Social capital and quality of life among caregivers of children with Autism Spectrum Disorder in Mongolia: a cross-sectional study.

Mongolian parents caring for autistic children who had stronger social connections and community support experienced better mental health, relationships, and environmental satisfaction. However, these connections didn't improve their physical health. Parents in this study had lower wellbeing scores than parents in wealthier countries, suggesting they need more community support programs and better access to autism services.

This cross-sectional study examined the relationship between social capital and quality of life among 216 caregivers of children with autism in Mongolia. Using validated scales, researchers found that higher social capital scores were significantly associated with better psychological well-being, social relationships, and environmental support domains of quality of life, but not physical health.

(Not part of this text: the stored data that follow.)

lemma flow_between_transitions:
  assumes C: "C \<in> P" and s: "s \<in> C" "s' \<in> C" "s \<noteq> s'"
  obtains g :: "'h \<Rightarrow> rat" where "antisymmetric F g" "\<And>h. h \<in> \<Union>E \<Longrightarrow> g h = 0"
    "\<And>x. x \<in> \<Union>P \<Longrightarrow> sum g x = (if x = s then 1 else 0) - (if x = s' then 1 else 0)"
proof -
  define \<delta> where "\<delta> x = (if x = s then 1 else 0) - (if x = s' then 1 else (0::rat))" for x
  obtain c0 where c0: "circuit_walk F c0" "trans_set c0 = C" by (rule circuit_walk_of_part[OF C])
  then obtain c where c: "circuit_walk F c" "trans_set c = C" and s0: "s = {fst (c ! 0), snd (c ! 0)}"
    using circuit_walk_starting_at[OF c0(1), of s] s(1) by metis
  let ?n = "length c"
  have W: "closed_walk F c" and d: "distinct (walk_halfs c)" using c(1) unfolding circuit_walk_def by auto
  obtain q where q: "q < ?n" "s' = {fst (c ! q), snd (c ! q)}" using s(2) c(2) trans_set_iff[of s' c] by auto
  have q0: "0 < q" using s(3) s0 q(2) by (cases q) auto
  have arcs: "{..<q} \<subseteq> {..<?n}" "{q..<?n} \<subseteq> {..<?n}" using q(1) by auto
  have flows: "sum (arc_flow c {..<q}) x = \<delta> x \<and> sum (arc_flow c {q..<?n}) x = - \<delta> x"
    if x: "x \<in> \<Union>P" for x
  proof (cases "x \<in> C")
    case True
    then obtain m where m: "m < ?n" "x = {fst (c ! m), snd (c ! m)}"
      using c(2) trans_set_iff[of x c] by auto
    have "0 < ?n" using m(1) by linarith
    then have "x = s \<longleftrightarrow> m = 0" "x = s' \<longleftrightarrow> m = q"
      using transition_inj[OF d m(1)] transition_inj[OF d m(1) q(1)] unfolding m(2) s0 q(2) by simp_all
    then show ?thesis
      using sum_arc_flow_arcs[OF d q0 q(1) m(1)] unfolding \<delta>_def m(2)[symmetric] by simp
  next
    case False
    then have "x \<noteq> s" "x \<noteq> s'" using s by auto
    then show ?thesis
      using arc_flow_outside_part[OF c(2) C arcs(1) x False] arc_flow_outside_part[OF c(2) C arcs(2) x False]
      unfolding \<delta>_def by simp
  qed
  have vanish: "arc_flow c J h = 0"
    if J: "J \<subseteq> {..<?n}" "\<forall>j\<in>J. {snd (c ! j), fst (c ! (Suc j mod ?n))} \<notin> E" and h: "h \<in> \<Union>E"
    for J h
  proof -
    obtain e where e: "e \<in> E" "h \<in> e" using h by blast
    then show ?thesis using arc_flow_untraversed[OF graph W J(1) _ _ e(2)] J(2) edge_set by blast
  qed
  from arc_avoiding_edge_set[OF c(1,2) C q(1)] show thesis
  proof
    assume avoid: "\<forall>j<q. {snd (c ! j), fst (c ! (Suc j mod ?n))} \<notin> E"
    have "antisymmetric F (arc_flow c {..<q})" by (rule arc_flow_antisymmetric[OF graph W arcs(1)])
    moreover have "arc_flow c {..<q} h = 0" if "h \<in> \<Union>E" for h
      using vanish[OF arcs(1) _ that] avoid by simp
    moreover have "sum (arc_flow c {..<q}) x = (if x = s then 1 else 0) - (if x = s' then 1 else 0)"
      if "x \<in> \<Union>P" for x
      using flows[OF that] unfolding \<delta>_def by simp
    ultimately show thesis by (rule that)
  next
    assume avoid: "\<forall>j\<in>{q..<?n}. {snd (c ! j), fst (c ! (Suc j mod ?n))} \<notin> E"
    have "antisymmetric F (\<lambda>h. - arc_flow c {q..<?n} h)"
      using arc_flow_antisymmetric[OF graph W arcs(2)] by (simp add: antisymmetric_uminus)
    moreover have "- arc_flow c {q..<?n} h = 0" if "h \<in> \<Union>E" for h
      using vanish[OF arcs(2) avoid that] by simp
    moreover have "(\<Sum>h\<in>x. - arc_flow c {q..<?n} h) = (if x = s then 1 else 0) - (if x = s' then 1 else 0)"
      if "x \<in> \<Union>P" for x
      using flows[OF that] unfolding \<delta>_def by (simp add: sum_negf)
    ultimately show thesis by (rule that)
  qed
qed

Participants were predominantly mothers (87.1%) with higher education. Environmental support scored lowest among quality of life domains.

The study represents the first investigation of this relationship in low- and middle-income countries, revealing lower social capital and quality of life scores compared to previous international studies.

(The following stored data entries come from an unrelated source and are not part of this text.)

lemma has_normal_form_x3_pair_without_y3:
  fixes b c :: 'a
  shows "has_normal_form (Cubic 1 0 0 0, Cubic 0 b c 0)"
proof -
  let ?X = "Cubic 1 0 0 (0::'a)"
  consider "c \<noteq> 0" | "c = 0" "b = 0" | "c = 0" "b \<noteq> 0"
    by blast
  then show ?thesis
  proof cases
    case 1
    define k where "k = -b/(2*c)"
    define a' where "a' = b*k + c*k^2"
    have "cubic_pair_equiv (?X, Cubic 0 b c 0) (?X, Cubic a' 0 c 0)"
      by (rule cubic_pair_equiv_substI[where p=1 and q=0 and r=k and s=1])
        (use 1 two in \<open>simp_all add: a'_def k_def field_simps\<close>)
    also have "cubic_pair_equiv (?X, Cubic a' 0 c 0) (?X, Cubic 0 0 1 0)"
      by (rule cubic_pair_equiv_lincombI[where u=1 and v=0 and w="-a'/c" and z="1/c"])
        (use 1 in simp_all)
    finally show ?thesis by (rule has_normal_formI) (simp add: normal_cubic_pair_def)
  next
    case 2
    then show ?thesis
      by (intro has_normal_formI[OF cubic_pair_equiv_refl]) (simp add: normal_cubic_pair_def)
  next
    case 3
    then have "cubic_pair_equiv (?X, Cubic 0 b c 0) (?X, Cubic 0 1 0 0)"
      by (intro cubic_pair_equiv_lincombI[where u=1 and v=0 and w=0 and z="1/b"]) simp_all
    then show ?thesis by (rule has_normal_formI) (simp add: normal_cubic_pair_def)
  qed
qed

lemma has_normal_form_x3_pair:
  fixes g :: "'a cubic_form"
  shows "has_normal_form (Cubic 1 0 0 0, g)"
proof -
  obtain a b c d where g: "g = Cubic a b c d" by (cases g)
  then have "cubic_pair_equiv (Cubic 1 0 0 0, g) (Cubic 1 0 0 0, Cubic 0 b c d)"
    by (intro cubic_pair_equiv_lincombI[where u=1 and v=0 and w="-a" and z=1]) simp_all
  moreover have "has_normal_form (Cubic 1 0 0 0, Cubic 0 b c d)"
    using has_normal_form_x3_pair_with_y3 has_normal_form_x3_pair_without_y3 by (cases "d = 0") auto
  ultimately show ?thesis by (rule has_normal_form_if_equiv)
qed

lemma has_normal_form_x2y_pair_y3_free:
  fixes a b c :: 'a
  shows "has_normal_form (Cubic 0 1 0 0, Cubic a b c 0)"
proof -
  let ?Y = "Cubic 0 1 0 (0::'a)"
  have equiv_no_x2y: "cubic_pair_equiv (?Y, Cubic a b c 0) (?Y, Cubic a 0 c 0)"
    by (rule cubic_pair_equiv_lincombI[where u=1 and v=0 and w="-b" and z=1]) simp_all
  have "has_normal_form (?Y, Cubic a 0 c 0)"
  proof (cases "a = 0"; cases "c = 0")
    assume "a = 0" "c = 0"
    then show ?thesis
      by (intro has_normal_formI[OF cubic_pair_equiv_refl]) (simp add: normal_cubic_pair_def)
  next
    assume "a = 0" "c \<noteq> 0"
    then have "cubic_pair_equiv (?Y, Cubic a 0 c 0) (?Y, Cubic 0 0 1 0)"
      by (intro cubic_pair_equiv_lincombI[where u=1 and v=0 and w=0 and z="1/c"]) simp_all
    then show ?thesis by (rule has_normal_formI) (simp add: normal_cubic_pair_def)
  next
    assume "a \<noteq> 0" "c = 0"
    then have "cubic_pair_equiv (?Y, Cubic a 0 c 0) (Cubic 1 0 0 0, Cubic 0 1 0 0)"
      by (intro cubic_pair_equiv_lincombI[where u=0 and v="1/a" and w=1 and z=0]) simp_all
    then show ?thesis by (rule has_normal_formI) (simp add: normal_cubic_pair_def)
  next
    assume a0: "a \<noteq> 0" and c0: "c \<noteq> 0"
    obtain \<sigma> where \<sigma>: "\<sigma>^2 = a/c" using nth_root_exists[of 2] by auto
    with a0 c0 have "\<sigma> \<noteq> 0" by auto
    have "c*\<sigma>^2 = a" using \<sigma> c0 by (simp add: field_simps)
    then have "cubic_pair_equiv (?Y, Cubic a 0 c 0) (Cubic 0 \<sigma> 0 0, Cubic a 0 a 0)"
      by (intro cubic_pair_equiv_substI[where p=1 and q=0 and r=0 and s=\<sigma>])
        (use \<open>\<sigma> \<noteq> 0\<close> in \<open>simp_all add: algebra_simps\<close>)
    also have "cubic_pair_equiv (Cubic 0 \<sigma> 0 0, Cubic a 0 a 0) (?Y, Cubic 1 0 1 0)"
      by (rule cubic_pair_equiv_lincombI[where u="1/\<sigma>" and v=0 and w=0 and z="1/a"])
        (use \<open>\<sigma> \<noteq> 0\<close> a0 in simp_all)
    finally show ?thesis by (rule has_normal_formI) (simp add: normal_cubic_pair_def)
  qed
  with equiv_no_x2y show ?thesis by (rule has_normal_form_if_equiv)
qed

Results suggest community-level interventions like peer support groups could improve caregiver wellbeing in resource-limited settings. Environmental support emerged as a priority intervention area. Healthcare systems should consider social capital building alongside traditional autism services to comprehensively support caregiver quality of life.

Cross-sectional design prevents causal inferences. Online survey method may exclude caregivers without internet access. Sample recruited through autism institutions may not represent all caregivers. Cultural and economic factors specific to Mongolia may limit generalizability to other low- and middle-income countries.

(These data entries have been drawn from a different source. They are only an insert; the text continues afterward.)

(* Let $\mathbb F=\mathbb R$ or $\mathbb C$, let $U_1,V_1,U_1',V_1'$ be finite-dimensional normed vector spaces over $\mathbb F$, let $\mathcal A_1,\mathcal B_1:U_1\to V_1$ and $\mathcal A_1',\mathcal B_1':U_1'\to V_1'$ be surjective linear maps, and let $\varphi_1:U_1\to U_1'$, $\psi_1:V_1\to V_1'$ be homeomorphisms with $\psi_1\mathcal A_1=\mathcal A_1'\varphi_1$ and $\psi_1\mathcal B_1=\mathcal B_1'\varphi_1$. Then for every $u\in U_1$ and $v\in V_1$, \[\varphi_1(u+\operatorname{Ker}\mathcal B_1)=\varphi_1(u)+\operatorname{Ker}\mathcal B_1',\qquad \psi_1\bigl(v+\mathcal A_1(\operatorname{Ker}\mathcal B_1)\bigr)=\psi_1(v)+\mathcal A_1'(\operatorname{Ker}\mathcal B_1').\] Consequently $\varphi_1$ and $\psi_1$ induce well-defined bijections $\varphi_2:U_1/\operatorname{Ker}\mathcal B_1\to U_1'/\operatorname{Ker}\mathcal B_1'$ and $\psi_2:V_1/\mathcal A_1(\operatorname{Ker}\mathcal B_1)\to V_1'/\mathcal A_1'(\operatorname{Ker}\mathcal B_1')$, which are homeomorphisms (for the quotient topologies) satisfying $\psi_2\mathcal A_2=\mathcal A_2'\varphi_2$ and $\psi_2\mathcal B_2=\mathcal B_2'\varphi_2$, where $\mathcal A_2,\mathcal B_2$ and $\mathcal A_2',\mathcal B_2'$ are the linear maps induced by $\mathcal A_1,\mathcal B_1$ and $\mathcal A_1',\mathcal B_1'$ on these quotient spaces.
   Context: Homeomorphisms are with respect to the norm topologies; $\varphi_1,\psi_1$ need not be linear. The induced map $\mathcal A_2:U_1/\operatorname{Ker}\mathcal B_1\to V_1/\mathcal A_1(\operatorname{Ker}\mathcal B_1)$ sends $u+\operatorname{Ker}\mathcal B_1$ to $\mathcal A_1(u)+\mathcal A_1(\operatorname{Ker}\mathcal B_1)$, and $\mathcal B_2$ sends $u+\operatorname{Ker}\mathcal B_1$ to $\mathcal B_1(u)+\mathcal A_1(\operatorname{Ker}\mathcal B_1)$; similarly for the primed maps. *)

theory Defs
  imports "HOL-Analysis.Analysis"
begin

definition fin_dim_space :: "'a::real_vector itself \<Rightarrow> bool" where
  "fin_dim_space _ \<longleftrightarrow> (\<exists>B::'a set. finite B \<and> span B = UNIV)"

definition ker :: "('a \<Rightarrow> 'b::zero) \<Rightarrow> 'a set" where
  "ker f = {x. f x = 0}"

definition coset :: "'a::plus \<Rightarrow> 'a set \<Rightarrow> 'a set" where
  "coset u K = (\<lambda>k. u + k) ` K"

definition quot_space :: "'a::plus set \<Rightarrow> 'a set set" where
  "quot_space K = range (\<lambda>u. coset u K)"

Caregivers of children with Autism Spectrum Disorder (ASD) tend to experience a low quality of life (QoL) due to caregiving burdens. Supporting these caregivers, social capital is expected to improve their overall well-being. However, there is limited research on the relationship between social capital and QoL among caregivers of children with ASD in low- and middle-income countries. This study explored this association in the context of caregivers of children with ASD in Mongolia.

This study conducted a cross-sectional online survey using a structured questionnaire. Caregivers with a child diagnosed with ASD were recruited through institutions related to ASD in Mongolia. Social capital was assessed by the Looman Social Capital Scale. QoL was assessed using the 26-item World Health Organization Quality of Life instrument.

The association between social capital and QoL was identified by using multiple linear regression analysis. Among 216 caregivers, the majority of them were mothers (87.1%), married (88.0%), and had higher education (84.3%). Over half of the children (59.7%) were between 0-4 years old, and 24.5% of the total children were girls. Having a better social capital score was positively associated with psychological well-being (B = 0.57, 95% CI [confidence interval] 0.29 to 0.85), social relationship (B = 0.58, 95% CI 0.17 to 0.99), and environmental support (B = 0.70, 95% CI 0.37 to 1.02) domains of QoL.

No evidence was found on the association between social capital and the physical health domain of QoL. Among the four domains of QoL, environmental support had the lowest score (mean: 36.5, standard deviation: 13.9). This study is the first to explore the association between social capital and QoL among caregivers of children with ASD in low- and middle-income countries. Social capital was positively associated with three QoL domains, excluding the physical domain, with caregivers-mostly mothers-scoring the lowest in environmental support.

Their social capital and QoL scores were lower than those in previous studies. To address these issues, resource-limited countries should implement community-level initiatives, such as peer support groups, alongside developing healthcare systems and social welfare programs tailored for caregivers and children with ASD.